At fifteen, she discovered a small but mighty dance studio in her neighborhood that she was accepted into through a scholarship opportunity. After exceeding in that scholarship role, the studio recommended that she audition for a program with the Joffrey Ballet and she was accepted. She continued to show up as disciplined as she could anytime she got the opportunity to dance and perform ballet, modern, jazz, African, and musical theatre styles. She would travel miles from her Chicago Public School to the downtown area to join a group of dancers she had admired and watched years before. Without the prior skills and economic stability that other dancers showed up with she was an underdog. She became repeatedly traumatized by the harmful indoctrinated standards and attitudes about physical appearance including unhealthy weight ideals, objectification, and traditional dance requirements rooted in structural bias and Western beauty standards that centered on women, who did not look like her, or have her accent. But she would not let her inability to fit into these standards keep her from continuing to chase her love and need for dance, as her birthright.

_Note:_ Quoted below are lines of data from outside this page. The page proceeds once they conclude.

text \<open>Summing over the boundary labels, orthogonality forces all intermediate labels to agree;
  only at the fixed edge j a bubble survives.\<close>

lemma two_loops_fixed_edge:
  assumes j: "j < n"
  shows "(\<Sum>\<beta>\<in>PiE {..<n} (\<lambda>_. UNIV).
            if \<beta> j = b then loop_amplitude F n x s \<beta> b2 * loop_amplitude F n x t b0 \<beta> else 0)
    = (\<Sum>w\<in>UNIV. loop_amplitude F n x w b0 b2 * (F (b0 j) (b2 j) w s t b * F (b2 j) s b t (b0 j) w))"
proof -
  define K where "K U = (\<Prod>k<n. F (x k) (b0 k) (b0 (prv n k)) (U k) (b2 (prv n k)) (b2 k))" for U
  define G where "G U k c = F (b0 k) (b2 k) (U k) s t c * F (b2 k) s c t (b0 k) (U (Suc k mod n))"
    for U k c
  define T where "T U k = (if k = j then G U j b
      else if U k = U (Suc k mod n) \<and> N s t (U k) \<and> N (b0 k) (b2 k) (U k) then 1 else 0)" for U k
  have G_sum: "(\<Sum>c\<in>UNIV. G U k c) = (if U k = U (Suc k mod n) \<and> N s t (U k) \<and> N (b0 k) (b2 k) (U k)
      then 1 else 0)" for U k
    by (simp add: G_def F_bubble_orthogonality)
  have "(\<Sum>\<beta>\<in>PiE {..<n} (\<lambda>_. UNIV).
            if \<beta> j = b then loop_amplitude F n x s \<beta> b2 * loop_amplitude F n x t b0 \<beta> else 0)
      = (\<Sum>\<beta>\<in>PiE {..<n} (\<lambda>_. UNIV). \<Sum>U\<in>PiE {..<n} (\<lambda>_. UNIV).
            K U * (if \<beta> j = b then \<Prod>k<n. G U k (\<beta> k) else 0))"
    using two_loops_expand[of n] j by (intro sum.cong refl) (simp add: K_def G_def sum_distrib_left)
  also have "\<dots> = (\<Sum>U\<in>PiE {..<n} (\<lambda>_. UNIV). K U * (\<Prod>k<n. if k = j then G U j b else \<Sum>c\<in>UNIV. G U k c))"
    by (subst sum.swap) (simp add: sum_distrib_left[symmetric] sum_PiE_fixed_coord_prod[OF j])
  also have "\<dots> = (\<Sum>U\<in>PiE {..<n} (\<lambda>_. UNIV). K U * (\<Prod>k<n. T U k))"
    unfolding G_sum T_def ..
  also have "\<dots> = (\<Sum>w\<in>UNIV. K (\<lambda>k\<in>{..<n}. w) * (\<Prod>k<n. T (\<lambda>k\<in>{..<n}. w) k))"
  proof (rule sum_PiE_cyclic_const[OF j])
    fix U k
    assume "K U * (\<Prod>k<n. T U k) \<noteq> 0" "k < n" "k \<noteq> j"
    then have "T U k \<noteq> 0"
      by (auto simp: prod_zero_iff)
    with \<open>k \<noteq> j\<close> show "U k = U (Suc k mod n)"
      by (simp add: T_def split: if_splits)
  qed
  also have "\<dots> = (\<Sum>w\<in>UNIV. loop_amplitude F n x w b0 b2 * G (\<lambda>k\<in>{..<n}. w) j b)"
  proof (rule sum.cong[OF refl])
    fix w :: 'l
    define U where "U = (\<lambda>k\<in>{..<n}. w)"
    have K_U: "K U = loop_amplitude F n x w b0 b2"
      unfolding K_def U_def loop_amplitude_def using j by (intro prod.cong) (simp_all add: prv_less)
    have T_U: "(\<Prod>k<n. T U k) = G U j b"
      if amp: "loop_amplitude F n x w b0 b2 \<noteq> 0" and G: "G U j b \<noteq> 0"
    proof -
      have "N (b0 k) (b2 k) w" if "k < n" for k
      proof -
        have "F (x k) (b0 k) (b0 (prv n k)) w (b2 (prv n k)) (b2 k) \<noteq> 0"
          using amp that by (simp add: loop_amplitude_def prod_zero_iff)
        then show ?thesis
          using F_admissible N_swap23 by blast
      qed
      moreover have "F (b0 j) (b2 j) w s t b \<noteq> 0"
        using G j by (simp add: G_def U_def)
      then have "N s t w"
        using F_admissible by blast
      ultimately have "T U k = 1" if "k < n" "k \<noteq> j" for k
        using that j by (simp add: T_def U_def)
      then show ?thesis
        using j by (simp add: prod.remove[of "{..<n}" j] T_def)
    qed
    have "T U j = G U j b"
      by (simp add: T_def)
    then show "K U * (\<Prod>k<n. T U k) = loop_amplitude F n x w b0 b2 * G U j b"
      using T_U j by (cases "G U j b = 0") (auto simp: K_U prod_zero_iff)
  qed
  finally show ?thesis
    using j by (simp add: G_def lessThan_iff)
qed

lemma dim_weighted_two_loops:
  assumes j: "j < n"
  shows "(\<Sum>s\<in>UNIV. \<Sum>t\<in>UNIV. cd s * cd t * (\<Sum>\<beta>\<in>PiE {..<n} (\<lambda>_. UNIV).
            if \<beta> j = b then loop_amplitude F n x s \<beta> b2 * loop_amplitude F n x t b0 \<beta> else 0))
    = cd b * cd b * (\<Sum>w\<in>UNIV. cd w * loop_amplitude F n x w b0 b2)"
proof -
  define A where "A w = loop_amplitude F n x w b0 b2" for w
  define B where "B s t w = cd s * cd t * (F (b0 j) (b2 j) w s t b * F (b2 j) s b t (b0 j) w)" for s t w
  have "(\<Sum>s\<in>UNIV. \<Sum>t\<in>UNIV. cd s * cd t * (\<Sum>\<beta>\<in>PiE {..<n} (\<lambda>_. UNIV).
            if \<beta> j = b then loop_amplitude F n x s \<beta> b2 * loop_amplitude F n x t b0 \<beta> else 0))
      = (\<Sum>s\<in>UNIV. \<Sum>t\<in>UNIV. \<Sum>w\<in>UNIV. A w * B s t w)"
    by (simp add: two_loops_fixed_edge[OF j] A_def B_def sum_distrib_left mult_ac)
  also have "\<dots> = (\<Sum>s\<in>UNIV. \<Sum>w\<in>UNIV. \<Sum>t\<in>UNIV. A w * B s t w)"
    by (rule sum.cong[OF refl], rule sum.swap)
  also have "\<dots> = (\<Sum>w\<in>UNIV. A w * (\<Sum>s\<in>UNIV. \<Sum>t\<in>UNIV. B s t w))"
    by (subst sum.swap) (simp add: sum_distrib_left)
  also have "\<dots> = (\<Sum>w\<in>UNIV. A w * (cd b * cd b * cd w))"
  proof (rule sum.cong[OF refl])
    fix w
    show "A w * (\<Sum>s\<in>UNIV. \<Sum>t\<in>UNIV. B s t w) = A w * (cd b * cd b * cd w)"
    proof (cases "A w = 0")
      case False
      then have "F (x j) (b0 j) (b0 (prv n j)) w (b2 (prv n j)) (b2 j) \<noteq> 0"
        using j by (simp add: A_def loop_amplitude_def prod_zero_iff)
      then have "N (b0 j) (b2 j) w"
        using F_admissible N_swap23 by blast
      then show ?thesis
        by (simp add: B_def dim_weighted_bubble_sum)
    qed simp
  qed
  finally show ?thesis
    by (simp add: A_def sum_distrib_left mult_ac)
qed
lemma sorted_essential_positions: "sorted_wrt (<) (essential_positions n f)"
  by (simp add: essential_positions_def sorted_wrt_filter)

lemma distinct_essential_positions: "distinct (essential_positions n f)"
  using sorted_essential_positions strict_sorted_iff by blast

lemma sorted_list_of_essential_positions:
  "sorted_list_of_set (set (essential_positions n f)) = essential_positions n f"
  using sorted_essential_positions[of n f]
  by (simp add: strict_sorted_iff sorted_list_of_set.idem_if_sorted_distinct)

lemma length_rule_reduced_table:
  "length (rule_reduced_table n f) = 2 ^ length (essential_positions n f)"
  by (simp add: rule_reduced_table_def length_n_lists numeral_2_eq_2)

lemma rule_reduced_table_cong:
  assumes "\<And>l. length l = n \<Longrightarrow> f l = g l"
  shows "rule_reduced_table n f = rule_reduced_table n g"
proof -
  have "essential n f = essential n g"
    using assms by (auto simp: essential_def fun_eq_iff)
  then have "essential_positions n f = essential_positions n g"
    by (simp add: essential_positions_def)
  moreover from this have "reduced_rule n f = reduced_rule n g"
    using assms by (simp add: reduced_rule_def fun_eq_iff)
  ultimately show ?thesis
    by (simp add: rule_reduced_table_def)
qed

lemma essential_cells_of_reader:
  assumes "distinct js" and \<Phi>: "\<And>x. \<Phi> x 0 = f (map x js)"
  shows "essential_cells \<Phi> = (!) js ` set (essential_positions (length js) f)"
proof (rule set_eqI, rule iffI)
  fix j assume "j \<in> essential_cells \<Phi>"
  then obtain x where x: "f (map (x(j := \<not> x j)) js) \<noteq> f (map x js)"
    by (auto simp: essential_cells_def \<Phi>)
  then have "j \<in> set js"
    by (metis map_fun_upd)
  then obtain p where p: "p < length js" "j = js ! p"
    by (auto simp: in_set_conv_nth)
  have "essential (length js) f p"
    unfolding essential_def
    using x p assms(1) map_fun_upd_nth[of js p x] by (intro exI[of _ "map x js"]) simp
  with p show "j \<in> (!) js ` set (essential_positions (length js) f)"
    by (simp add: set_essential_positions)
next
  fix j assume "j \<in> (!) js ` set (essential_positions (length js) f)"
  then obtain p where p: "p < length js" "essential (length js) f p" "j = js ! p"
    by (auto simp: set_essential_positions)
  then obtain l where l: "length l = length js" "f (l[p := \<not> l ! p]) \<noteq> f l"
    by (auto simp: essential_def)
  let ?x = "place js l"
  have "map ?x js = l" and "?x j = l ! p"
    using assms(1) l p by (simp_all add: map_place place_nth)
  then have "\<Phi> (?x(j := \<not> ?x j)) 0 \<noteq> \<Phi> ?x 0"
    using l p assms(1) map_fun_upd_nth[of js p ?x] by (simp add: \<Phi>)
  then show "j \<in> essential_cells \<Phi>"
    by (auto simp: essential_cells_def)
qed

lemma reduced_table_of_reader:
  assumes sorted: "sorted_wrt (<) js" and \<Phi>: "\<And>x. \<Phi> x 0 = f (map x js)"
  shows "reduced_table \<Phi> = rule_reduced_table (length js) f"
proof -
  define n where "n = length js"
  define ps where "ps = essential_positions n f"
  have distinct: "distinct js"
    using sorted by (simp add: strict_sorted_iff)
  have "strict_mono_on (set ps) ((!) js)"
    using sorted by (auto simp: strict_mono_on_def ps_def set_essential_positions n_def
        intro: sorted_wrt_nth_less)
  then have sorted_cells: "sorted_list_of_set (essential_cells \<Phi>) = map ((!) js) ps"
    using essential_cells_of_reader[where \<Phi> = \<Phi> and f = f, OF distinct \<Phi>]
    by (simp add: sorted_list_of_set_image_strict_mono ps_def n_def
        sorted_list_of_essential_positions)
  have card_cells: "card (essential_cells \<Phi>) = length ps"
    using arg_cong[OF sorted_cells, of length] by simp
  have inj: "inj_on ((!) js) {..<n}"
    using distinct by (simp add: inj_on_nth n_def)
  have "\<Phi> (place (map ((!) js) ps) l) 0 = reduced_rule n f l" for l
  proof -
    have "map (place (map ((!) js) ps) l) js
        = map (\<lambda>q. place (map ((!) js) ps) l (js ! q)) [0..<n]"
      by (rule nth_equalityI) (simp_all add: n_def)
    also have "\<dots> = map (place ps l) [0..<n]"
      using inj by (intro map_cong refl place_map_inj) (auto simp: ps_def set_essential_positions)
    finally show ?thesis
      by (simp add: \<Phi> reduced_rule_def ps_def)
  qed
  then show ?thesis
    by (simp add: reduced_table_def rule_reduced_table_def sorted_cells card_cells ps_def n_def)
qed

lemma reduced_table_Phi:
  assumes "finite M"
  shows "reduced_table (Phi M f) = rule_reduced_table (card M) f"
  using assms
  by (subst reduced_table_of_reader[of "sorted_list_of_set M" _ f]) (simp_all add: Phi_def)

lemma reduced_table_window: "reduced_table (Phi (window k) f) = rule_reduced_table 3 f"
  using reduced_table_Phi[of "window k" f] by (simp add: window_def numeral_3_eq_3)

lemma not_essential_update:
  assumes "\<not> essential n f p" and "length l = n"
  shows "f (l[p := b]) = f l"
proof (cases "b = l ! p")
  case False
  then have "b = (\<not> l ! p)" by auto
  with assms show ?thesis by (auto simp: essential_def)
qed simp

lemma rule_eq_if_eq_on_essential_positions:
  assumes "length l = n" and "length l' = n"
    and "\<And>p. p \<in> set (essential_positions n f) \<Longrightarrow> l ! p = l' ! p"
  shows "f l = f l'"
proof -
  define u where "u k = map (\<lambda>q. if q < k then l' ! q else l ! q) [0..<n]" for k
  have "f (u k) = f l" if "k \<le> n" for k
    using that
  proof (induction k)
    case 0
    have "u 0 = l"
      using assms(1) map_nth[of l] by (simp add: u_def)
    then show ?case by simp
  next
    case (Suc k)
    have "u (Suc k) = (u k)[k := l' ! k]"
      using Suc.prems by (intro nth_equalityI) (auto simp: u_def nth_list_update)
    moreover have "f ((u k)[k := l' ! k]) = f (u k)"
    proof (cases "essential n f k")
      case True
      then have "u k ! k = l' ! k"
        using Suc.prems assms(3) by (simp add: u_def set_essential_positions)
      then show ?thesis
        using list_update_id[of "u k" k] by simp
    next
      case False
      then show ?thesis
        by (simp add: not_essential_update u_def)
    qed
    ultimately show ?case
      using Suc by simp
  qed
  moreover have "u n = l'"
    using assms(1,2) by (intro nth_equalityI) (simp_all add: u_def)
  ultimately show ?thesis
    by (metis order_refl)
qed

lemma Phi_cong:
  assumes "\<And>l. length l = card M \<Longrightarrow> f l = g l"
  shows "Phi M f = Phi M g"
  using assms by (simp add: Phi_def fun_eq_iff)

lemma Phi_window_reduced:
  "Phi (window k) f =
     Phi ((\<lambda>p. k - 1 + int p) ` set (essential_positions 3 f)) (reduced_rule 3 f)"
proof (intro ext)
  fix x :: cfg and i :: int
  let ?ps = "essential_positions 3 f" and ?h = "\<lambda>p. x (i + (k - 1 + int p))"
  let ?window = "[x (i + k - 1), x (i + k), x (i + k + 1)]"
  have "strict_mono_on (set ?ps) (\<lambda>p. k - 1 + int p)"
    by (simp add: strict_mono_on_def)
  then have "sorted_list_of_set ((\<lambda>p. k - 1 + int p) ` set ?ps) = map (\<lambda>p. k - 1 + int p) ?ps"
    by (simp add: sorted_list_of_set_image_strict_mono sorted_list_of_essential_positions)
  then have "Phi ((\<lambda>p. k - 1 + int p) ` set ?ps) (reduced_rule 3 f) x i
      = f (map (place ?ps (map ?h ?ps)) [0..<3])"
    by (simp add: Phi_def reduced_rule_def comp_def)
  also have "\<dots> = f ?window"
  proof (rule rule_eq_if_eq_on_essential_positions)
    fix p assume p: "p \<in> set ?ps"
    then have "p < 3"
      by (simp add: set_essential_positions)
    then have "?window ! p = ?h p"
      by (auto simp: less_Suc_eq numeral_3_eq_3 algebra_simps)
    with p \<open>p < 3\<close> show "map (place ?ps (map ?h ?ps)) [0..<3] ! p = ?window ! p"
      by (simp add: place_map distinct_essential_positions)
  qed simp_all
  finally show "Phi (window k) f x i = Phi ((\<lambda>p. k - 1 + int p) ` set ?ps) (reduced_rule 3 f) x i"
    by (simp add: Phi_window)
qed

section \<open>Scaling\<close>

lemma scale_set_eq_image:
  assumes "\<forall>j\<in>M. v * of_int j \<in> \<int>"
  shows "scale_set v M = (\<lambda>j. \<lfloor>v * of_int j\<rfloor>) ` M"
  using assms by (force simp: scale_set_def Ints_def)

lemma card_scale_set:
  assumes "0 < v" and "\<forall>j\<in>M. v * of_int j \<in> \<int>"
  shows "card (scale_set v M) = card M"
proof -
  have "inj_on (\<lambda>j. \<lfloor>v * of_int j\<rfloor>) M"
  proof (rule inj_onI)
    fix i j assume "i \<in> M" "j \<in> M" "\<lfloor>v * of_int i\<rfloor> = \<lfloor>v * of_int j\<rfloor>"
    then have "v * of_int i = v * of_int j"
      using assms(2) by (metis Ints_cases floor_of_int)
    then show "i = j"
      using assms(1) by simp
  qed
  then show ?thesis
    using assms(2) by (simp add: scale_set_eq_image card_image)
qed

lemma scale_set_uminus: "scale_set v (uminus ` M) = uminus ` scale_set v M"
proof (rule set_eqI)
  fix k
  have "k \<in> scale_set v (uminus ` M) \<longleftrightarrow> - k \<in> scale_set v M"
    by (auto simp: scale_set_def) (metis minus_minus of_int_minus mult_minus_right)+
  then show "k \<in> scale_set v (uminus ` M) \<longleftrightarrow> k \<in> uminus ` scale_set v M"
    by (metis image_iff minus_minus)
qed

lemma scale_set_empty: "scale_set v {} = {}"
  by (simp add: scale_set_def)

lemma scale_set_insert:
  "scale_set v (insert j M) =
     (if v * of_int j \<in> \<int> then insert \<lfloor>v * of_int j\<rfloor> (scale_set v M) else scale_set v M)"
  by (auto simp: scale_set_def Ints_def) (metis rangeI)+

lemma reduced_table_eq_if_scaling:
  assumes "is_scaling v \<Phi> \<Psi>"
  shows "reduced_table \<Phi> = reduced_table \<Psi>"
proof -
  obtain M f where "0 < v" and "finite M" and "\<Phi> = Phi M f"
    and I: "\<forall>j\<in>M. v * of_int j \<in> \<int>" and "\<Psi> = Phi (scale_set v M) f"
    using assms by (auto simp: is_scaling_def is_rep_def)
  moreover have "finite (scale_set v M)"
    using \<open>finite M\<close> I by (simp add: scale_set_eq_image)
  ultimately show ?thesis
    by (simp add: reduced_table_Phi card_scale_set)
qed

lemma is_scaling_op_c:
  assumes "is_scaling v \<Phi> \<Psi>"
  shows "is_scaling v (op_c \<Phi>) (op_c \<Psi>)"
proof -
  obtain M f where "0 < v" "finite M" "\<Phi> = Phi M f"
    and "\<forall>j\<in>M. v * of_int j \<in> \<int>" and "\<Psi> = Phi (scale_set v M) f"
    using assms by (auto simp: is_scaling_def is_rep_def)
  then show ?thesis
    by (auto simp: is_scaling_def is_rep_def op_c_Phi intro!: exI[of _ M] exI[of _ "rule_c f"])
qed

lemma is_scaling_op_r:
  assumes "is_scaling v \<Phi> \<Psi>"
  shows "is_scaling v (op_r \<Phi>) (op_r \<Psi>)"
proof -
  obtain M f where v: "0 < v" and fin: "finite M" and \<Phi>: "\<Phi> = Phi M f"
    and I: "\<forall>j\<in>M. v * of_int j \<in> \<int>" and \<Psi>: "\<Psi> = Phi (scale_set v M) f"
    using assms by (auto simp: is_scaling_def is_rep_def)
  have "finite (scale_set v M)"
    using fin I by (simp add: scale_set_eq_image)
  moreover have "\<forall>j\<in>uminus ` M. v * of_int j \<in> \<int>"
    using I by (auto intro: Ints_minus)
  ultimately show ?thesis
    using v fin by (auto simp: is_scaling_def is_rep_def \<Phi> \<Psi> op_r_Phi scale_set_uminus
        intro!: exI[of _ "uminus ` M"] exI[of _ "rule_r f"])
qed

After graduating with her BFA she began consistently auditioning, taking dance classes, and building relationships with art makers in Chicago with specific goals and plans in mind. While working with US choreographers of all identities, political values, and backgrounds she continued to combat criticism about her appearance mostly, not her technique. Dance companies focused on her weight. She is a Black woman and has always been naturally curvy, which has seemed like a juxtaposition to the traditional presentation of a professional dancer.
Grounded by her commitment to self-liberation through dance performance, She realized she would have to create a career path, not unique to those who looked like her who had come before her but an avenue tailored to her value and skills, where she would be celebrated. Her early curiosity led her to consider artistic funding avenues as a means of self-liberation, and revolutionary movement. After receiving her first grant she felt empowered that she had a vision that not only uplifts her body autonomy but a power that could combat the negative conceptions that have historically pushed Black dancers out of the US dance culture space. She is a consequence of triumph and a reflection of a dream sustained.